*Exercise requirements*.
Look below for lines that hold the string "where" and copy each one.

Dataset entries:
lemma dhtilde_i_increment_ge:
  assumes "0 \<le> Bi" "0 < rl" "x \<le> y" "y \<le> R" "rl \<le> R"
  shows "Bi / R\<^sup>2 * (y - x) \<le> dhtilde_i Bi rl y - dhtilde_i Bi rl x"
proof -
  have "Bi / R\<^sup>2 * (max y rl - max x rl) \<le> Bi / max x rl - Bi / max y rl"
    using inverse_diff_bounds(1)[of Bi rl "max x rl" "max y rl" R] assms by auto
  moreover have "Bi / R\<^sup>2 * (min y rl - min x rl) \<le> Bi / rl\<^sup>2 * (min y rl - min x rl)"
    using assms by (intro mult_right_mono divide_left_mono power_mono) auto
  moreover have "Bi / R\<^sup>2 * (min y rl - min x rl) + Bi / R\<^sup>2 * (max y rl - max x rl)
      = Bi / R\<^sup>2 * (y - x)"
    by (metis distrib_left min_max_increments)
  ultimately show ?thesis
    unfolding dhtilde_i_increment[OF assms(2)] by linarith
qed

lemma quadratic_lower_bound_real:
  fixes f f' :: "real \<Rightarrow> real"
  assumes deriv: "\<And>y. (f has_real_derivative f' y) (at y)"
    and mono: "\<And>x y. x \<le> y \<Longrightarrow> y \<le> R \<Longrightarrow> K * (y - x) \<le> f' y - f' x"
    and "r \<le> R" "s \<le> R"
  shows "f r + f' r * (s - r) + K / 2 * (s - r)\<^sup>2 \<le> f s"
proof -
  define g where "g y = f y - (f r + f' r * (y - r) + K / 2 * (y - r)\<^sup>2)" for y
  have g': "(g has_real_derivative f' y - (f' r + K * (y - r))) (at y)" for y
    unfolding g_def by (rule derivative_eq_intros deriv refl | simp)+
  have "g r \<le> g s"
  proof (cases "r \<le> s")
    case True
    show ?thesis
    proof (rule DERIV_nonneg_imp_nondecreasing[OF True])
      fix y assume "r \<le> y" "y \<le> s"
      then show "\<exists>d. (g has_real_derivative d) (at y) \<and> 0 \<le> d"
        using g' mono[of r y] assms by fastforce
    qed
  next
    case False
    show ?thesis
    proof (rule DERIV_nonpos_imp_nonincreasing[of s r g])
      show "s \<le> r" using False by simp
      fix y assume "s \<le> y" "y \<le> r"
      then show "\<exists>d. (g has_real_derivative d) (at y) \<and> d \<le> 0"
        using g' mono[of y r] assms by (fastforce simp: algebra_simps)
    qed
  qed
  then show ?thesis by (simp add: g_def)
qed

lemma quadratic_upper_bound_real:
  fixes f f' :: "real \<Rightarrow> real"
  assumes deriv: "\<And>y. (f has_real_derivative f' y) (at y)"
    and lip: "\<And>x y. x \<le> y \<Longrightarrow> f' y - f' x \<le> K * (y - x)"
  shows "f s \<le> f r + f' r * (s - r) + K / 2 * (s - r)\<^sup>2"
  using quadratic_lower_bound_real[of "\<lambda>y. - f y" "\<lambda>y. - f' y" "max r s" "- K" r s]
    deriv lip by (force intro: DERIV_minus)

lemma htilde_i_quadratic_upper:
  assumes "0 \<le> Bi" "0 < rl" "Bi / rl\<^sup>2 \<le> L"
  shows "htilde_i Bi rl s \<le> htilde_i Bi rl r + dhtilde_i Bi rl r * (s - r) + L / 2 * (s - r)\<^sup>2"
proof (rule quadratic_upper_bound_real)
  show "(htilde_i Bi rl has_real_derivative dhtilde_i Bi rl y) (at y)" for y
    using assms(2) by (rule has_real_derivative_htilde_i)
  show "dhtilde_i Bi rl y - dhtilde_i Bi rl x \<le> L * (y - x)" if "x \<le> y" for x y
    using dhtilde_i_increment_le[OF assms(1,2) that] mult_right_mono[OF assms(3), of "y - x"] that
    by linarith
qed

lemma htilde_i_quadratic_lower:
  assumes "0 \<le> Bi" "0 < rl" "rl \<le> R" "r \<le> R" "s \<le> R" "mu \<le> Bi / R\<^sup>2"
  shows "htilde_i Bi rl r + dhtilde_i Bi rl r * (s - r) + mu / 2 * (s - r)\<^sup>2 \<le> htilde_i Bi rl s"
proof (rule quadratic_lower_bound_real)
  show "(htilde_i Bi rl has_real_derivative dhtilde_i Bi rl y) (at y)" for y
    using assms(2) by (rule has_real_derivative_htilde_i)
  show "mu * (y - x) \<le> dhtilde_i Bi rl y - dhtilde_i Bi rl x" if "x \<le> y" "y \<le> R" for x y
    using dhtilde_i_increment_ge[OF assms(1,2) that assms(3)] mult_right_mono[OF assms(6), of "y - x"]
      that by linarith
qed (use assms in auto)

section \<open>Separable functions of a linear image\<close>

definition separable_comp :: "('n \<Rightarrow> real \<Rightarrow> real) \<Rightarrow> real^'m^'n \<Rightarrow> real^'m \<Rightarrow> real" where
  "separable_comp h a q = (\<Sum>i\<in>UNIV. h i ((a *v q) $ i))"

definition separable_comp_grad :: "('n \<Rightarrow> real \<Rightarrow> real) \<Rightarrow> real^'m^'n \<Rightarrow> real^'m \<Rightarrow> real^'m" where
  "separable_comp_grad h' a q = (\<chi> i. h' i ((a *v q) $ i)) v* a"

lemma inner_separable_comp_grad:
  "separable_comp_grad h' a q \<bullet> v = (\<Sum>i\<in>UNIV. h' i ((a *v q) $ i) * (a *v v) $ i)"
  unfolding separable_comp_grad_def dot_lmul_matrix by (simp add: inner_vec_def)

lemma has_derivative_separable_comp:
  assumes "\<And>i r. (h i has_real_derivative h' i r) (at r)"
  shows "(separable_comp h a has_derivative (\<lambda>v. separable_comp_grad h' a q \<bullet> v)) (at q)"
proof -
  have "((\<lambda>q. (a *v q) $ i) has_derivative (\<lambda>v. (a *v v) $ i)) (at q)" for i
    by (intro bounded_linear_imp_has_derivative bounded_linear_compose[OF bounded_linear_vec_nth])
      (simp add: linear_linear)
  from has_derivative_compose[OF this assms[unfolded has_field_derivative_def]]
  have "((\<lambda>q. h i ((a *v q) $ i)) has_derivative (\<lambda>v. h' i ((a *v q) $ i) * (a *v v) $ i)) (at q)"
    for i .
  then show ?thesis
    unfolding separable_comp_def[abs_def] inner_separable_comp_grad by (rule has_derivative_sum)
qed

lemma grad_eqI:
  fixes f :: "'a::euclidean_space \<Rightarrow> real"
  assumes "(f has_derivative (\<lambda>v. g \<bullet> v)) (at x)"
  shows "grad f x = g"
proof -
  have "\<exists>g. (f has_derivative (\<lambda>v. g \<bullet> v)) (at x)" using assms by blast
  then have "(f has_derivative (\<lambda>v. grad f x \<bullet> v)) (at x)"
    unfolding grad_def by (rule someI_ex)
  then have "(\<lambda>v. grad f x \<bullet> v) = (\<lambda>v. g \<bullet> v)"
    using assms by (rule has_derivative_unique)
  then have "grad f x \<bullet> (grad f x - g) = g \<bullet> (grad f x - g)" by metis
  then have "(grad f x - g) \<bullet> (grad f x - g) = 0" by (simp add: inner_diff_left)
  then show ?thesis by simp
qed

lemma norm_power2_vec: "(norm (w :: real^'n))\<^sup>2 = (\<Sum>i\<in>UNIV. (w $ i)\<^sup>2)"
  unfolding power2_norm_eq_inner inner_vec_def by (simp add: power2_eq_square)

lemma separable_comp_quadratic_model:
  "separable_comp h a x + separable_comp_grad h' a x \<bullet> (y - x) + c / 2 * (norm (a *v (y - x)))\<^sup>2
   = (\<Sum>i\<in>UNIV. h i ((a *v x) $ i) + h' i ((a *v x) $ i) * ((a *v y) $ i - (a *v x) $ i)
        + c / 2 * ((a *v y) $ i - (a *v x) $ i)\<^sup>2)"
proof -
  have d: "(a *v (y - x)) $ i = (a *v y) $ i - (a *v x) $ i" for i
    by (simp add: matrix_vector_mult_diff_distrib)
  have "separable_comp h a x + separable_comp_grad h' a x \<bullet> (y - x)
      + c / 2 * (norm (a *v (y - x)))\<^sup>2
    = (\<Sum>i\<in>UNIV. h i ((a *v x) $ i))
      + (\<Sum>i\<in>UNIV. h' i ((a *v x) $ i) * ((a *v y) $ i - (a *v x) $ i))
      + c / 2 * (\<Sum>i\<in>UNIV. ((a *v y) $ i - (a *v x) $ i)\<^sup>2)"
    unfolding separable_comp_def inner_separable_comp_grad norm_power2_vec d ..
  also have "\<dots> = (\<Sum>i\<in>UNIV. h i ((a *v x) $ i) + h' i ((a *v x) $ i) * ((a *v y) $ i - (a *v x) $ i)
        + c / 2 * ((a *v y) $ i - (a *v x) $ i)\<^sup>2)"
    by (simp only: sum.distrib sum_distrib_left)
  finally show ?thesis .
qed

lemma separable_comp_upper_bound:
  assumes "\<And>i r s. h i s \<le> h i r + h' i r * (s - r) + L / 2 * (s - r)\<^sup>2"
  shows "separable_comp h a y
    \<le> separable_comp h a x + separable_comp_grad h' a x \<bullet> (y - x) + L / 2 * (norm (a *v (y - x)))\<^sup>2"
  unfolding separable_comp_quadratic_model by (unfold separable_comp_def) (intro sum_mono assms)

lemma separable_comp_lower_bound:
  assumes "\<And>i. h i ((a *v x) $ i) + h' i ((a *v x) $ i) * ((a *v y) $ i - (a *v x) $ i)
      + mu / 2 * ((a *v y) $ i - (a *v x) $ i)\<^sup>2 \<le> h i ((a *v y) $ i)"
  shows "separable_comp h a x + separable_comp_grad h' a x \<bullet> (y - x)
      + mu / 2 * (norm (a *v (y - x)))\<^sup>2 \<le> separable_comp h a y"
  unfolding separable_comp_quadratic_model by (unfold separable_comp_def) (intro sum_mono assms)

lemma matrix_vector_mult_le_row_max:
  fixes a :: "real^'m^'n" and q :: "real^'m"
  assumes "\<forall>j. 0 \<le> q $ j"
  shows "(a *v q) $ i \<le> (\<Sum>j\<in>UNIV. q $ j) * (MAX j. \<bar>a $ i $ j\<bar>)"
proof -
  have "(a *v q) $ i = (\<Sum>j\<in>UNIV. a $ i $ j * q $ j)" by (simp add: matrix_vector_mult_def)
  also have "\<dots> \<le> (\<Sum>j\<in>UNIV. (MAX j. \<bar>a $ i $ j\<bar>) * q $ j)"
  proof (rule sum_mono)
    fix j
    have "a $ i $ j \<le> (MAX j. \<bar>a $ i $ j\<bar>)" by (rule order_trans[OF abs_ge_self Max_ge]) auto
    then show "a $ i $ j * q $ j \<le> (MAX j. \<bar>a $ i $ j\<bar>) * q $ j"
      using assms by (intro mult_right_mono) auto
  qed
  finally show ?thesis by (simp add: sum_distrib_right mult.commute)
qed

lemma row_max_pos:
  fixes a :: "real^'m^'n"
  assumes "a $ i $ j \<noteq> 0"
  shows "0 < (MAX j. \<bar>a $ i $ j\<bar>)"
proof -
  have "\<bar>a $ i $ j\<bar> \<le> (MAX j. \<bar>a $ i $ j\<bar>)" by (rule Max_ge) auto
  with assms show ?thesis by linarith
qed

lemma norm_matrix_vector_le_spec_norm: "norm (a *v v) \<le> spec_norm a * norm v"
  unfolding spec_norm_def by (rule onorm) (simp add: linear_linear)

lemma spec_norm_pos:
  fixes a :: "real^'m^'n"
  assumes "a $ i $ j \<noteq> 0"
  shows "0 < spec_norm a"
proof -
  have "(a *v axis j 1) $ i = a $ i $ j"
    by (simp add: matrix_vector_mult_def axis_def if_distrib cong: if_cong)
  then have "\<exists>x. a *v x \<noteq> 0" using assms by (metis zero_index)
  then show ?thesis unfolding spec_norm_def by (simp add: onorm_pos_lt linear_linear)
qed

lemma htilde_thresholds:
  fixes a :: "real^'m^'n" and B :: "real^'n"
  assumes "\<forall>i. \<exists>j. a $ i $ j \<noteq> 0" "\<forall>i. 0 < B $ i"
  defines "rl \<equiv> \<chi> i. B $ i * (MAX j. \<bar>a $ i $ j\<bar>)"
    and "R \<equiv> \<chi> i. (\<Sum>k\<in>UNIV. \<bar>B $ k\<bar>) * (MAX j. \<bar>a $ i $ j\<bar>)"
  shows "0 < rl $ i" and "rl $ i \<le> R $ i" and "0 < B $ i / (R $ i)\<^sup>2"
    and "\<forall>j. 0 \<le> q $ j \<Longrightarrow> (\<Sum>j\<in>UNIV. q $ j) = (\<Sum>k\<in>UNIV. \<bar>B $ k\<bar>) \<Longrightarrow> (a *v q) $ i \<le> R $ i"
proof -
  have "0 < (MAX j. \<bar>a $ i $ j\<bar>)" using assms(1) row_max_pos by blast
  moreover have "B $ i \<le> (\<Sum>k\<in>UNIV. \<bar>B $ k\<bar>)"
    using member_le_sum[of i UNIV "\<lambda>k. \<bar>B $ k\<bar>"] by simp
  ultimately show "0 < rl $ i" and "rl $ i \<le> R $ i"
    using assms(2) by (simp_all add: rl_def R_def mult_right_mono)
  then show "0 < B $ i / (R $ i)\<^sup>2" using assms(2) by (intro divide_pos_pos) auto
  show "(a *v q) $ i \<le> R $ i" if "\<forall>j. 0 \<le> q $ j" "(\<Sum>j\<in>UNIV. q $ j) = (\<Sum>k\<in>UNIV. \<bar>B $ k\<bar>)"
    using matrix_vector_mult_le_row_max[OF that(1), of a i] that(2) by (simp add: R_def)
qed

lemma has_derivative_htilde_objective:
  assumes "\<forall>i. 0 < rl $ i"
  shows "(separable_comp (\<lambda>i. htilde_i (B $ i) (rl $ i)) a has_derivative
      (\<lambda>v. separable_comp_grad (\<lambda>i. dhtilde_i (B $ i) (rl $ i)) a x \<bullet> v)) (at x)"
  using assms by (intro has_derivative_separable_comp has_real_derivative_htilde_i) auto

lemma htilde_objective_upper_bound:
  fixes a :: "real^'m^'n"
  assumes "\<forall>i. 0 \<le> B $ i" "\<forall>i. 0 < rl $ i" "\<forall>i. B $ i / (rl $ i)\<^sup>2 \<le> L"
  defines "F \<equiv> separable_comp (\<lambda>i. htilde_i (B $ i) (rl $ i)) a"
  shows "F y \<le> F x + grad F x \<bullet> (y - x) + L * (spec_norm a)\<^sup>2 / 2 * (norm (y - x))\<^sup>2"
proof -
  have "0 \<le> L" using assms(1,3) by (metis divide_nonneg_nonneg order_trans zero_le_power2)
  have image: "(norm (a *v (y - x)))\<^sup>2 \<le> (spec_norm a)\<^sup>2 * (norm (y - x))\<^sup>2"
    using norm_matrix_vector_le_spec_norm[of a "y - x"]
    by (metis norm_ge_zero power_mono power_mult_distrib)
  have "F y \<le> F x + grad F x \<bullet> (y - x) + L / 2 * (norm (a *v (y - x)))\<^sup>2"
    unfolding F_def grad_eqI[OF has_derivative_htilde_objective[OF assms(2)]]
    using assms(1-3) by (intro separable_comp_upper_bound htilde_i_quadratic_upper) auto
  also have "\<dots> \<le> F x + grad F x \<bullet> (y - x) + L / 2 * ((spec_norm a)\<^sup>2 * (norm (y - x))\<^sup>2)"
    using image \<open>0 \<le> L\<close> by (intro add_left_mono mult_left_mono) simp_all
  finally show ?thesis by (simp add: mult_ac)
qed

*The answer*.
  define g where "g y = f y - (f r + f' r * (y - r) + K / 2 * (y - r)\<^sup>2)" for y
definition separable_comp :: "('n \<Rightarrow> real \<Rightarrow> real) \<Rightarrow> real^'m^'n \<Rightarrow> real^'m \<Rightarrow> real" where
definition separable_comp_grad :: "('n \<Rightarrow> real \<Rightarrow> real) \<Rightarrow> real^'m^'n \<Rightarrow> real^'m \<Rightarrow> real^'m" where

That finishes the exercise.